*** Opening Stored data ***

lemma weight_integral_middle_le:
  assumes "0 \<le> \<mu>" "\<mu> \<le> 1" "\<xi> / 3 \<le> c" "d \<le> 5 * \<xi> / 6" "2 * \<xi> / 3 \<notin> {c<..<d}"
  shows "(\<integral>\<^sup>+\<eta>. ennreal (weight \<mu> \<xi> \<eta>) * indicator ({\<eta>. \<bar>Psi \<xi> \<eta> - \<alpha>\<bar> < M} \<inter> {c<..<d}) \<eta> \<partial>lborel)
           \<le> ennreal (12 * sqrt (12 * M))"
proof -
  define \<phi> where "\<phi> \<eta> = (\<eta> - 2 * \<xi> / 3) * sqrt (8 * \<xi> / 3 - \<eta>)" for \<eta>
  have sq: "(\<phi> \<eta>)\<^sup>2 = 4/3 * Psi \<xi> \<eta> + 32 * \<xi> ^ 3 / 27" if "\<eta> \<le> 8 * \<xi> / 3" for \<eta>
  proof -
    have "(\<phi> \<eta>)\<^sup>2 = (\<eta> - 2 * \<xi> / 3)\<^sup>2 * (8 * \<xi> / 3 - \<eta>)"
      using that by (simp add: \<phi>_def power_mult_distrib)
    then show ?thesis
      unfolding Psi_def power2_eq_square power3_eq_cube by algebra
  qed
  have "(\<integral>\<^sup>+\<eta>. ennreal (weight \<mu> \<xi> \<eta>) * indicator ({\<eta>. \<bar>Psi \<xi> \<eta> - \<alpha>\<bar> < M} \<inter> {c<..<d}) \<eta> \<partial>lborel)
          \<le> ennreal (12 * sqrt (2 * 6 * M))"
  proof (rule nn_integral_sublevel_le[where T = "{}" and \<phi>' = "\<lambda>\<eta>. (6 * \<xi> - 3 * \<eta>) / (2 * sqrt (8 * \<xi> / 3 - \<eta>))"])
    show "continuous_on {c..d} \<phi>"
      unfolding \<phi>_def by (intro continuous_intros)
    fix \<eta> assume "\<eta> \<in> {c<..<d} - {}"
    then have \<eta>: "\<xi> / 3 < \<eta>" "\<eta> < 5 * \<xi> / 6"
      using assms by auto
    show "(\<phi> has_real_derivative (6 * \<xi> - 3 * \<eta>) / (2 * sqrt (8 * \<xi> / 3 - \<eta>))) (at \<eta>)"
      unfolding \<phi>_def using \<eta>
      by (auto intro!: derivative_eq_intros simp: field_simps)
    show "0 \<le> (6 * \<xi> - 3 * \<eta>) / (2 * sqrt (8 * \<xi> / 3 - \<eta>))"
      using \<eta> by simp
    have "weight \<mu> \<xi> \<eta> \<le> 6 * max (\<bar>\<xi>\<bar>) (\<bar>\<eta>\<bar>) / sqrt \<bar>\<eta>\<bar>"
      using \<eta> assms by (intro weight_le_far) auto
    also have "\<dots> = 6 * \<xi> / sqrt \<eta>"
      using \<eta> by (simp add: max_def)
    also have "\<dots> \<le> 6 * (6 * \<xi> - 3 * \<eta>) / sqrt (8 * \<xi> / 3 - \<eta>)"
    proof (rule divide_sqrt_le_divide_sqrt)
      have "\<xi>\<^sup>2 * (8 * \<xi> / 3 - \<eta>) \<le> \<xi>\<^sup>2 * (7 * \<xi> / 3)"
        using \<eta> by (intro mult_left_mono) auto
      also have "\<dots> \<le> (7 * \<xi> / 2)\<^sup>2 * (\<xi> / 3)"
        using \<eta> by (simp add: power2_eq_square)
      also have "\<dots> \<le> (6 * \<xi> - 3 * \<eta>)\<^sup>2 * \<eta>"
        using \<eta> by (intro mult_mono power_mono) auto
      finally have "6\<^sup>2 * (\<xi>\<^sup>2 * (8 * \<xi> / 3 - \<eta>)) \<le> 6\<^sup>2 * ((6 * \<xi> - 3 * \<eta>)\<^sup>2 * \<eta>)"
        by (rule mult_left_mono) simp
      then show "(6 * \<xi>)\<^sup>2 * (8 * \<xi> / 3 - \<eta>) \<le> (6 * (6 * \<xi> - 3 * \<eta>))\<^sup>2 * \<eta>"
        by (simp only: power_mult_distrib mult.assoc)
    qed (use \<eta> in auto)
    also have "\<dots> = 12 * ((6 * \<xi> - 3 * \<eta>) / (2 * sqrt (8 * \<xi> / 3 - \<eta>)))"
      by (simp add: field_split_simps)
    finally show "weight \<mu> \<xi> \<eta> \<le> 12 * ((6 * \<xi> - 3 * \<eta>) / (2 * sqrt (8 * \<xi> / 3 - \<eta>)))" .
  next
    fix a b assume ab: "a \<in> {c<..<d}" "b \<in> {c<..<d}"
    then have le: "a \<le> 8 * \<xi> / 3" "b \<le> 8 * \<xi> / 3"
      using assms by auto
    have "0 \<le> ((a - 2 * \<xi> / 3) * (b - 2 * \<xi> / 3)) * (sqrt (8 * \<xi> / 3 - a) * sqrt (8 * \<xi> / 3 - b))"
      using mult_nonneg_outside_Ioo[OF ab assms(5)] le by simp
    then have "(\<phi> a - \<phi> b)\<^sup>2 \<le> \<bar>(\<phi> a)\<^sup>2 - (\<phi> b)\<^sup>2\<bar>"
      by (intro sq_diff_le_abs_diff_sq) (simp add: \<phi>_def mult_ac)
    also have "(\<phi> a)\<^sup>2 - (\<phi> b)\<^sup>2 = 4/3 * (Psi \<xi> a - Psi \<xi> b)"
      using le by (simp add: sq right_diff_distrib)
    also have "\<bar>4/3 * (Psi \<xi> a - Psi \<xi> b)\<bar> \<le> 6 * \<bar>Psi \<xi> a - Psi \<xi> b\<bar>"
      unfolding abs_mult by simp
    finally show "(\<phi> a - \<phi> b)\<^sup>2 \<le> 6 * \<bar>Psi \<xi> a - Psi \<xi> b\<bar>" .
  qed auto
  then show ?thesis
    by simp
qed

*** Closing Stored data ***

What is required:
Only an exact copy of all the data will do as the answer.

Result of this exercise:
lemma weight_integral_middle_le:
  assumes "0 \<le> \<mu>" "\<mu> \<le> 1" "\<xi> / 3 \<le> c" "d \<le> 5 * \<xi> / 6" "2 * \<xi> / 3 \<notin> {c<..<d}"
  shows "(\<integral>\<^sup>+\<eta>. ennreal (weight \<mu> \<xi> \<eta>) * indicator ({\<eta>. \<bar>Psi \<xi> \<eta> - \<alpha>\<bar> < M} \<inter> {c<..<d}) \<eta> \<partial>lborel)
           \<le> ennreal (12 * sqrt (12 * M))"
proof -
  define \<phi> where "\<phi> \<eta> = (\<eta> - 2 * \<xi> / 3) * sqrt (8 * \<xi> / 3 - \<eta>)" for \<eta>
  have sq: "(\<phi> \<eta>)\<^sup>2 = 4/3 * Psi \<xi> \<eta> + 32 * \<xi> ^ 3 / 27" if "\<eta> \<le> 8 * \<xi> / 3" for \<eta>
  proof -
    have "(\<phi> \<eta>)\<^sup>2 = (\<eta> - 2 * \<xi> / 3)\<^sup>2 * (8 * \<xi> / 3 - \<eta>)"
      using that by (simp add: \<phi>_def power_mult_distrib)
    then show ?thesis
      unfolding Psi_def power2_eq_square power3_eq_cube by algebra
  qed
  have "(\<integral>\<^sup>+\<eta>. ennreal (weight \<mu> \<xi> \<eta>) * indicator ({\<eta>. \<bar>Psi \<xi> \<eta> - \<alpha>\<bar> < M} \<inter> {c<..<d}) \<eta> \<partial>lborel)
          \<le> ennreal (12 * sqrt (2 * 6 * M))"
  proof (rule nn_integral_sublevel_le[where T = "{}" and \<phi>' = "\<lambda>\<eta>. (6 * \<xi> - 3 * \<eta>) / (2 * sqrt (8 * \<xi> / 3 - \<eta>))"])
    show "continuous_on {c..d} \<phi>"
      unfolding \<phi>_def by (intro continuous_intros)
    fix \<eta> assume "\<eta> \<in> {c<..<d} - {}"
    then have \<eta>: "\<xi> / 3 < \<eta>" "\<eta> < 5 * \<xi> / 6"
      using assms by auto
    show "(\<phi> has_real_derivative (6 * \<xi> - 3 * \<eta>) / (2 * sqrt (8 * \<xi> / 3 - \<eta>))) (at \<eta>)"
      unfolding \<phi>_def using \<eta>
      by (auto intro!: derivative_eq_intros simp: field_simps)
    show "0 \<le> (6 * \<xi> - 3 * \<eta>) / (2 * sqrt (8 * \<xi> / 3 - \<eta>))"
      using \<eta> by simp
    have "weight \<mu> \<xi> \<eta> \<le> 6 * max (\<bar>\<xi>\<bar>) (\<bar>\<eta>\<bar>) / sqrt \<bar>\<eta>\<bar>"
      using \<eta> assms by (intro weight_le_far) auto
    also have "\<dots> = 6 * \<xi> / sqrt \<eta>"
      using \<eta> by (simp add: max_def)
    also have "\<dots> \<le> 6 * (6 * \<xi> - 3 * \<eta>) / sqrt (8 * \<xi> / 3 - \<eta>)"
    proof (rule divide_sqrt_le_divide_sqrt)
      have "\<xi>\<^sup>2 * (8 * \<xi> / 3 - \<eta>) \<le> \<xi>\<^sup>2 * (7 * \<xi> / 3)"
        using \<eta> by (intro mult_left_mono) auto
      also have "\<dots> \<le> (7 * \<xi> / 2)\<^sup>2 * (\<xi> / 3)"
        using \<eta> by (simp add: power2_eq_square)
      also have "\<dots> \<le> (6 * \<xi> - 3 * \<eta>)\<^sup>2 * \<eta>"
        using \<eta> by (intro mult_mono power_mono) auto
      finally have "6\<^sup>2 * (\<xi>\<^sup>2 * (8 * \<xi> / 3 - \<eta>)) \<le> 6\<^sup>2 * ((6 * \<xi> - 3 * \<eta>)\<^sup>2 * \<eta>)"
        by (rule mult_left_mono) simp
      then show "(6 * \<xi>)\<^sup>2 * (8 * \<xi> / 3 - \<eta>) \<le> (6 * (6 * \<xi> - 3 * \<eta>))\<^sup>2 * \<eta>"
        by (simp only: power_mult_distrib mult.assoc)
    qed (use \<eta> in auto)
    also have "\<dots> = 12 * ((6 * \<xi> - 3 * \<eta>) / (2 * sqrt (8 * \<xi> / 3 - \<eta>)))"
      by (simp add: field_split_simps)
    finally show "weight \<mu> \<xi> \<eta> \<le> 12 * ((6 * \<xi> - 3 * \<eta>) / (2 * sqrt (8 * \<xi> / 3 - \<eta>)))" .
  next
    fix a b assume ab: "a \<in> {c<..<d}" "b \<in> {c<..<d}"
    then have le: "a \<le> 8 * \<xi> / 3" "b \<le> 8 * \<xi> / 3"
      using assms by auto
    have "0 \<le> ((a - 2 * \<xi> / 3) * (b - 2 * \<xi> / 3)) * (sqrt (8 * \<xi> / 3 - a) * sqrt (8 * \<xi> / 3 - b))"
      using mult_nonneg_outside_Ioo[OF ab assms(5)] le by simp
    then have "(\<phi> a - \<phi> b)\<^sup>2 \<le> \<bar>(\<phi> a)\<^sup>2 - (\<phi> b)\<^sup>2\<bar>"
      by (intro sq_diff_le_abs_diff_sq) (simp add: \<phi>_def mult_ac)
    also have "(\<phi> a)\<^sup>2 - (\<phi> b)\<^sup>2 = 4/3 * (Psi \<xi> a - Psi \<xi> b)"
      using le by (simp add: sq right_diff_distrib)
    also have "\<bar>4/3 * (Psi \<xi> a - Psi \<xi> b)\<bar> \<le> 6 * \<bar>Psi \<xi> a - Psi \<xi> b\<bar>"
      unfolding abs_mult by simp
    finally show "(\<phi> a - \<phi> b)\<^sup>2 \<le> 6 * \<bar>Psi \<xi> a - Psi \<xi> b\<bar>" .
  qed auto
  then show ?thesis
    by simp
qed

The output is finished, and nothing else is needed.